Don’t imagine that your new relationship will remain a secret! But colleagues are generally entirely supportive so long as they sense that you’re genuinely in love. But they usually disapprove of someone who’s just having a sexual fling. Especially extramarital affairs, where colleagues tend to feel awkward, resentful and ‘caught in the middle’.

Dating the boss is the biggest no-no. And that’s all about politics of course. Because everyone imagines that power’s being acquired in the bedroom. Even if a lover’s promotion is genuine and well deserved, it won’t be seen like that.

Breaking up is also far harder in the office. Having to work with an ex-lover every day can be miserable, and it brings out the worst in people. Like allegations of sexual misconduct. An office romance should always be completely mutual, of course. But when attraction wanes, sexual harassment accusations often start. Around what the other side says was a consensual relationship.

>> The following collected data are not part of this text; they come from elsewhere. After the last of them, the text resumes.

(* Writing x_k = exp (- l^k) and expanding the products over subsets gives
     Fbar_r l = (\<Prod>k. 1 + x_k) * (1 - \<Sum>k. 2 x_k / (1 + x_k)),
   so Fbar_r l = 0 says that h = 1 solves \<Sum>k. 2 exp (- h l^k) / (1 + exp (- h l^k)) = 1.
   For any solution h > 0 the function e \<mapsto> 1 / (1 + exp (- h l(e))) on oriented edges is an
   eigenvector, for the eigenvalue 1, of the operator summing exp (- h l(e)) u(e) over the edges e
   that may follow a given edge without backtracking. Decomposing reduced paths by their first edge
   then bounds their number of length at most s between c exp (h s) - c' and C (1 + s) exp (h s),
   and based circuits are squeezed between such counts, so the entropy equals h. A solution exists
   by the intermediate value theorem, hence the entropy is the unique one. *)

lemma sum_Pow_prod:
  fixes x :: "'b \<Rightarrow> 'a :: comm_semiring_1"
  assumes "finite A"
  shows "(\<Sum>S\<in>Pow A. \<Prod>k\<in>S. x k) = (\<Prod>k\<in>A. x k + 1)"
  using prod_add[OF assms, of x "\<lambda>_. 1"] by simp

lemma sum_Pow_card_mult_prod:
  fixes x :: "'b \<Rightarrow> 'a :: comm_semiring_1"
  assumes A: "finite A"
  shows "(\<Sum>S\<in>Pow A. of_nat (card S) * (\<Prod>k\<in>S. x k)) = (\<Sum>j\<in>A. x j * (\<Prod>k\<in>A - {j}. x k + 1))"
proof -
  have "(\<Sum>S\<in>Pow A. of_nat (card S) * (\<Prod>k\<in>S. x k)) = (\<Sum>S\<in>Pow A. \<Sum>j\<in>S. \<Prod>k\<in>S. x k)"
    by simp
  also have "\<dots> = (\<Sum>S\<in>Pow A. \<Sum>j\<in>{j\<in>A. j \<in> S}. \<Prod>k\<in>S. x k)"
    by (intro sum.cong) auto
  also have "\<dots> = (\<Sum>j\<in>A. \<Sum>S\<in>{S\<in>Pow A. j \<in> S}. \<Prod>k\<in>S. x k)"
    using A by (intro sum.swap_restrict) simp_all
  also have "\<dots> = (\<Sum>j\<in>A. x j * (\<Sum>T\<in>Pow (A - {j}). \<Prod>k\<in>T. x k))"
  proof (rule sum.cong)
    fix j assume j: "j \<in> A"
    have inj: "inj_on (insert j) (Pow (A - {j}))" by (auto simp: inj_on_def)
    have "{S\<in>Pow A. j \<in> S} = insert j ` Pow (A - {j})"
    proof (intro equalityI subsetI)
      fix S assume "S \<in> {S\<in>Pow A. j \<in> S}"
      then have "S = insert j (S - {j})" "S - {j} \<in> Pow (A - {j})" by auto
      then show "S \<in> insert j ` Pow (A - {j})" by (rule image_eqI)
    qed (use j in auto)
    then have "(\<Sum>S\<in>{S\<in>Pow A. j \<in> S}. \<Prod>k\<in>S. x k) = (\<Sum>T\<in>Pow (A - {j}). \<Prod>k\<in>insert j T. x k)"
      by (simp add: sum.reindex[OF inj])
    also have "\<dots> = (\<Sum>T\<in>Pow (A - {j}). x j * (\<Prod>k\<in>T. x k))"
      using A by (intro sum.cong refl prod.insert) (auto intro: finite_subset)
    finally show "(\<Sum>S\<in>{S\<in>Pow A. j \<in> S}. \<Prod>k\<in>S. x k) = x j * (\<Sum>T\<in>Pow (A - {j}). \<Prod>k\<in>T. x k)"
      by (simp add: sum_distrib_left)
  qed simp
  finally show ?thesis using A by (simp add: sum_Pow_prod)
qed

definition branching_sum :: "nat \<Rightarrow> (nat \<Rightarrow> real) \<Rightarrow> real \<Rightarrow> real" where
  "branching_sum r l h = (\<Sum>k\<in>{1..r}. 2 * exp (- h * l k) / (1 + exp (- h * l k)))"

lemma Fbar_eq_prod_mult:
  "Fbar r l = (\<Prod>k\<in>{1..r}. exp (- l k) + 1) * (1 - branching_sum r l 1)"
proof -
  define x where "x k = exp (- l k)" for k
  define P where "P = (\<Prod>k\<in>{1..r}. x k + 1)"
  have x_pos: "x k + 1 > 0" for k by (simp add: x_def add_pos_pos)
  have exp_sum: "exp (- (\<Sum>k\<in>S. l k)) = (\<Prod>k\<in>S. x k)" for S
    by (cases "finite S") (simp_all add: x_def exp_sum[symmetric] sum_negf)
  have "Fbar r l = (\<Sum>S\<in>Pow {1..r}. \<Prod>k\<in>S. x k) - 2 * (\<Sum>S\<in>Pow {1..r}. real (card S) * (\<Prod>k\<in>S. x k))"
    by (simp add: Fbar_def exp_sum algebra_simps sum_subtractf sum_distrib_left)
  also have "\<dots> = P - 2 * (\<Sum>j\<in>{1..r}. x j * (\<Prod>k\<in>{1..r} - {j}. x k + 1))"
    by (simp add: P_def sum_Pow_prod sum_Pow_card_mult_prod)
  also have "(\<Sum>j\<in>{1..r}. x j * (\<Prod>k\<in>{1..r} - {j}. x k + 1)) = (\<Sum>j\<in>{1..r}. P * (x j / (1 + x j)))"
  proof (rule sum.cong)
    fix j assume "j \<in> {1..r}"
    then have "P = (x j + 1) * (\<Prod>k\<in>{1..r} - {j}. x k + 1)" by (simp add: P_def prod.remove)
    then show "x j * (\<Prod>k\<in>{1..r} - {j}. x k + 1) = P * (x j / (1 + x j))"
      using x_pos[of j] by (simp add: field_simps)
  qed simp
  finally show ?thesis
    by (simp add: P_def x_def branching_sum_def sum_distrib_left algebra_simps)
qed

lemma Fbar_eq_0_iff: "Fbar r l = 0 \<longleftrightarrow> branching_sum r l 1 = 1"
proof -
  have "exp (- l k) + 1 \<noteq> 0" for k using exp_gt_zero[of "- l k"] by linarith
  then show ?thesis by (simp add: Fbar_eq_prod_mult)
qed

lemma real_step_induct:
  fixes d :: real
  assumes "d > 0"
    and neg: "\<And>s. s < 0 \<Longrightarrow> P s"
    and step: "\<And>s. 0 \<le> s \<Longrightarrow> (\<And>s'. s' \<le> s - d \<Longrightarrow> P s') \<Longrightarrow> P s"
  shows "P s"
proof -
  have "\<forall>s. s < real n * d \<longrightarrow> P s" for n
  proof (induction n)
    case 0
    then show ?case using neg by simp
  next
    case (Suc n)
    show ?case
    proof (intro allI impI)
      fix s assume s: "s < real (Suc n) * d"
      show "P s"
      proof (cases "s < 0")
        case False
        show ?thesis
        proof (rule step)
          fix s' assume "s' \<le> s - d"
          then show "P s'" using Suc.IH s by (simp add: algebra_simps)
        qed (use False in simp)
      qed (rule neg)
    qed
  qed
  moreover obtain n where "s / d < real n" using reals_Archimedean2 by blast
  ultimately show ?thesis using \<open>d > 0\<close> by (simp add: field_simps)
qed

So be discrete if you start falling for someone at work. Ensure that your professionalism isn’t called into question, have clear boundaries, and don’t carry fights from home into the office. Resist dating the boss or sleeping with a married colleague. Be aware of your company’s attitudes towards relationships, how your colleagues responded to previous romances, and how senior managers reacted.

But never say never. Because dating one of your colleagues could lead to a wonderful, life-long relationship.